Data Block Start

lemma eventually_strictly_log_convex:
  assumes "\<kappa> > 0"
  shows "\<forall>\<^sub>F n in sequentially. \<alpha> (n + 1) ^ 2 < \<alpha> n * \<alpha> (n + 2)"
proof -
  have "\<forall>\<^sub>F n in sequentially. (2 * ln (\<alpha> (n + 1) / \<alpha> n) - ln (\<alpha> (n + 2) / \<alpha> n)) / \<delta> n ^ 2 < 0"
    using order_tendstoD(2)[OF log_concavity_ratio_tendsto] assms by simp
  then show ?thesis
  proof eventually_elim
    case (elim n)
    then show ?case
      by (intro ln_ratio_sign_iff(2)[THEN iffD2]) (simp add: divide_less_0_iff \<delta>_nz)
  qed
qed

definition scaled_ratio :: "nat \<Rightarrow> nat \<Rightarrow> real" where
  "scaled_ratio n j = \<alpha> (n + j) / \<alpha> n * exp (- (A n * real j))"

definition phase_poly :: "nat \<Rightarrow> real poly" where
  "phase_poly n = monom \<kappa> 2 + (\<Sum>k=3..m. monom (g k n / \<delta> n ^ k) k)"

lemma poly_phase_poly:
  "poly (phase_poly n) (\<delta> n * real j) = \<kappa> * \<delta> n ^ 2 * real j ^ 2 + (\<Sum>k=3..m. g k n * real j ^ k)"
  using \<delta>_nz[of n] by (simp add: phase_poly_def poly_sum poly_monom power_mult_distrib)

lemma scaled_ratio_eq_exp: "scaled_ratio n j = exp (poly (phase_poly n) (\<delta> n * real j) + \<epsilon> n j)"
proof -
  have "\<alpha> (n + j) / \<alpha> n = exp (ln (\<alpha> (n + j) / \<alpha> n))" using \<alpha>_pos[of n] \<alpha>_pos[of "n + j"] by simp
  then show ?thesis unfolding scaled_ratio_def ln_ratio poly_phase_poly by (simp add: exp_add[symmetric])
qed

lemma degree_phase_poly: "degree (phase_poly n) \<le> m"
  unfolding phase_poly_def using m_ge_2
  by (intro degree_add_le degree_sum_le) (auto intro: order_trans[OF degree_monom_le])

lemma coeff_phase_poly_tendsto: "(\<lambda>n. coeff (phase_poly n) i) \<longlonglongrightarrow> coeff (monom \<kappa> 2) i"
proof -
  have "(\<lambda>n. coeff (monom \<kappa> 2) i + (\<Sum>k=3..m. if k = i then g k n / \<delta> n ^ k else 0))
      \<longlonglongrightarrow> coeff (monom \<kappa> 2) i + (\<Sum>k=3..m. 0)"
  proof (intro tendsto_add tendsto_const tendsto_sum)
    fix k assume "k \<in> {3..m}"
    then show "(\<lambda>n. if k = i then g k n / \<delta> n ^ k else 0) \<longlonglongrightarrow> 0"
      using g_small[of k] by (cases "k = i") auto
  qed
  then show ?thesis by (simp add: phase_poly_def coeff_sum coeff_monom)
qed

lemma phase_div_\<delta>_tendsto: "(\<lambda>n. poly (phase_poly n) (\<delta> n * real j) / \<delta> n) \<longlonglongrightarrow> 0"
proof -
  have "poly (phase_poly n) (\<delta> n * real j) / \<delta> n
      = \<kappa> * \<delta> n * real j ^ 2 + (\<Sum>k=3..m. (g k n / \<delta> n ^ k) * \<delta> n ^ (k - 1) * real j ^ k)" for n
  proof -
    have "g k n * real j ^ k / \<delta> n = (g k n / \<delta> n ^ k) * \<delta> n ^ (k - 1) * real j ^ k" if "k \<in> {3..m}" for k
    proof -
      have "\<delta> n ^ k = \<delta> n ^ (k - 1) * \<delta> n" using that by (simp add: power_eq_if)
      then show ?thesis using \<delta>_nz[of n] by (simp add: field_simps)
    qed
    then show ?thesis using \<delta>_nz[of n]
      by (simp add: poly_phase_poly add_divide_distrib sum_divide_distrib power2_eq_square)
  qed
  moreover have "(\<lambda>n. \<kappa> * \<delta> n * real j ^ 2 + (\<Sum>k=3..m. (g k n / \<delta> n ^ k) * \<delta> n ^ (k - 1) * real j ^ k))
      \<longlonglongrightarrow> \<kappa> * 0 * real j ^ 2 + (\<Sum>k=3..m. 0 * 0 ^ (k - 1) * real j ^ k)"
    by (intro tendsto_intros \<delta>_tendsto g_small) auto
  ultimately show ?thesis by simp
qed

lemma \<epsilon>_small_power:
  assumes "j \<le> m + 1" "d \<le> m + 1"
  shows "(\<lambda>n. \<epsilon> n j / \<delta> n ^ d) \<longlonglongrightarrow> 0"
proof -
  have "\<epsilon> n j / \<delta> n ^ d = \<epsilon> n j / \<delta> n ^ (m + 1) * \<delta> n ^ (m + 1 - d)" for n
  proof -
    have "\<delta> n ^ (m + 1) = \<delta> n ^ d * \<delta> n ^ (m + 1 - d)" using assms(2) by (simp add: power_add[symmetric])
    then show ?thesis using \<delta>_nz[of n] by simp
  qed
  moreover have "(\<lambda>n. \<epsilon> n j / \<delta> n ^ (m + 1) * \<delta> n ^ (m + 1 - d)) \<longlonglongrightarrow> 0 * 0 ^ (m + 1 - d)"
    by (intro tendsto_intros \<epsilon>_small assms(1) \<delta>_tendsto)
  ultimately show ?thesis by simp
qed

text \<open>Up to \<open>o(\<delta>\<^sup>d)\<close>, \<open>scaled_ratio n j\<close> is the degree-\<open>d\<close> Taylor polynomial of \<open>exp\<close>
  at the phase, a polynomial in \<open>\<delta> n * j\<close>; an \<open>l\<close>-th difference of such a polynomial
  extracts \<open>l!\<close> times its \<open>l\<close>-th coefficient.\<close>

lemma ndiff_scaled_ratio_tendsto:
  assumes "k + l \<le> d" "d \<le> m + 1"
  shows "(\<lambda>n. ndiff l (scaled_ratio n) k / \<delta> n ^ l) \<longlonglongrightarrow> (-1) ^ l * fact l * gauss_coeff \<kappa> l"
proof -
  define T where "T n = pcompose (exp_taylor d) (phase_poly n)" for n
  define R where "R n j = scaled_ratio n j - poly (T n) (\<delta> n * real j)" for n j
  have "degree (T n) \<le> d * m" for n
    using degree_pcompose_le[of "exp_taylor d" "phase_poly n"] degree_exp_taylor[of d] degree_phase_poly[of n]
    unfolding T_def by (meson mult_le_mono order_trans)
  moreover have "d * 1 \<le> d * m" using m_ge_2 by (intro mult_le_mono2) simp
  then have "l \<le> d * m" using assms(1) by linarith
  ultimately have main: "(\<lambda>n. ndiff l (\<lambda>j. poly (T n) (\<delta> n * real j)) k / \<delta> n ^ l)
      \<longlonglongrightarrow> (-1) ^ l * fact l * coeff (pcompose (exp_taylor d) (monom \<kappa> 2)) l"
    unfolding T_def using coeff_phase_poly_tendsto
    by (intro ndiff_poly_scaled_tendsto[OF \<delta>_nz \<delta>_tendsto] tendsto_coeff_pcompose)
  have "(\<lambda>n. R n j / \<delta> n ^ d) \<longlonglongrightarrow> 0" if "j \<le> m + 1" for j
    unfolding R_def T_def scaled_ratio_eq_exp poly_pcompose poly_exp_taylor
    using exp_minus_taylor_scaled_tendsto_0[OF \<delta>_pos \<delta>_tendsto phase_div_\<delta>_tendsto \<epsilon>_small_power[OF that assms(2)]]
    by simp
  then have rem: "(\<lambda>n. ndiff l (R n) k / \<delta> n ^ l) \<longlonglongrightarrow> 0"
    using assms by (intro ndiff_scaled_tendsto_0[where l = l and d = d, OF \<delta>_nz \<delta>_tendsto]) auto
  have "ndiff l (scaled_ratio n) k / \<delta> n ^ l
      = ndiff l (\<lambda>j. poly (T n) (\<delta> n * real j)) k / \<delta> n ^ l + ndiff l (R n) k / \<delta> n ^ l" for n
    unfolding add_divide_distrib[symmetric] ndiff_add[symmetric] R_def by simp
  then show ?thesis
    using tendsto_add[OF main rem] assms coeff_exp_taylor_pcompose_monom2[of l d \<kappa>] by simp
qed

definition jensen_F :: "nat \<Rightarrow> nat \<Rightarrow> real poly" where
  "jensen_F d n = (\<Sum>k\<le>d. monom (real (d choose k) * ndiff (d - k) (scaled_ratio n) k / \<delta> n ^ (d - k)) k)"

lemma coeff_jensen_F: "coeff (jensen_F d n) k
    = (if k \<le> d then real (d choose k) * ndiff (d - k) (scaled_ratio n) k / \<delta> n ^ (d - k) else 0)"
  unfolding jensen_F_def by (auto simp: coeff_sum)

lemma degree_jensen_F: "degree (jensen_F d n) \<le> d"
  by (rule degree_le) (simp add: coeff_jensen_F)

lemma coeff_jensen_F_tendsto:
  assumes "d \<le> m + 1"
  shows "(\<lambda>n. coeff (jensen_F d n) k) \<longlonglongrightarrow> coeff (hermite \<kappa> d) k"
proof (cases "k \<le> d")
  case True
  have "real (d choose k) * ((-1) ^ (d - k) * fact (d - k) * gauss_coeff \<kappa> (d - k))
      = fact d / fact k * gauss_coeff \<kappa> (d - k)"
    using True by (cases "even (d - k)") (simp_all add: binomial_fact)
  moreover have "(\<lambda>n. real (d choose k) * (ndiff (d - k) (scaled_ratio n) k / \<delta> n ^ (d - k)))
      \<longlonglongrightarrow> real (d choose k) * ((-1) ^ (d - k) * fact (d - k) * gauss_coeff \<kappa> (d - k))"
    using True assms by (intro tendsto_mult_left ndiff_scaled_ratio_tendsto) auto
  ultimately show ?thesis using True by (simp add: coeff_jensen_F coeff_hermite)
qed (simp add: coeff_jensen_F coeff_hermite)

Data Block End

- **What you have to do**
Beginning with the line that holds "l + ndiff l", please return every line through the end of the data, exactly as written.

- **Answer to the exercise**
      = ndiff l (\<lambda>j. poly (T n) (\<delta> n * real j)) k / \<delta> n ^ l + ndiff l (R n) k / \<delta> n ^ l" for n
    unfolding add_divide_distrib[symmetric] ndiff_add[symmetric] R_def by simp
  then show ?thesis
    using tendsto_add[OF main rem] assms coeff_exp_taylor_pcompose_monom2[of l d \<kappa>] by simp
qed

definition jensen_F :: "nat \<Rightarrow> nat \<Rightarrow> real poly" where
  "jensen_F d n = (\<Sum>k\<le>d. monom (real (d choose k) * ndiff (d - k) (scaled_ratio n) k / \<delta> n ^ (d - k)) k)"

lemma coeff_jensen_F: "coeff (jensen_F d n) k
    = (if k \<le> d then real (d choose k) * ndiff (d - k) (scaled_ratio n) k / \<delta> n ^ (d - k) else 0)"
  unfolding jensen_F_def by (auto simp: coeff_sum)

lemma degree_jensen_F: "degree (jensen_F d n) \<le> d"
  by (rule degree_le) (simp add: coeff_jensen_F)

lemma coeff_jensen_F_tendsto:
  assumes "d \<le> m + 1"
  shows "(\<lambda>n. coeff (jensen_F d n) k) \<longlonglongrightarrow> coeff (hermite \<kappa> d) k"
proof (cases "k \<le> d")
  case True
  have "real (d choose k) * ((-1) ^ (d - k) * fact (d - k) * gauss_coeff \<kappa> (d - k))
      = fact d / fact k * gauss_coeff \<kappa> (d - k)"
    using True by (cases "even (d - k)") (simp_all add: binomial_fact)
  moreover have "(\<lambda>n. real (d choose k) * (ndiff (d - k) (scaled_ratio n) k / \<delta> n ^ (d - k)))
      \<longlonglongrightarrow> real (d choose k) * ((-1) ^ (d - k) * fact (d - k) * gauss_coeff \<kappa> (d - k))"
    using True assms by (intro tendsto_mult_left ndiff_scaled_ratio_tendsto) auto
  ultimately show ?thesis using True by (simp add: coeff_jensen_F coeff_hermite)
qed (simp add: coeff_jensen_F coeff_hermite)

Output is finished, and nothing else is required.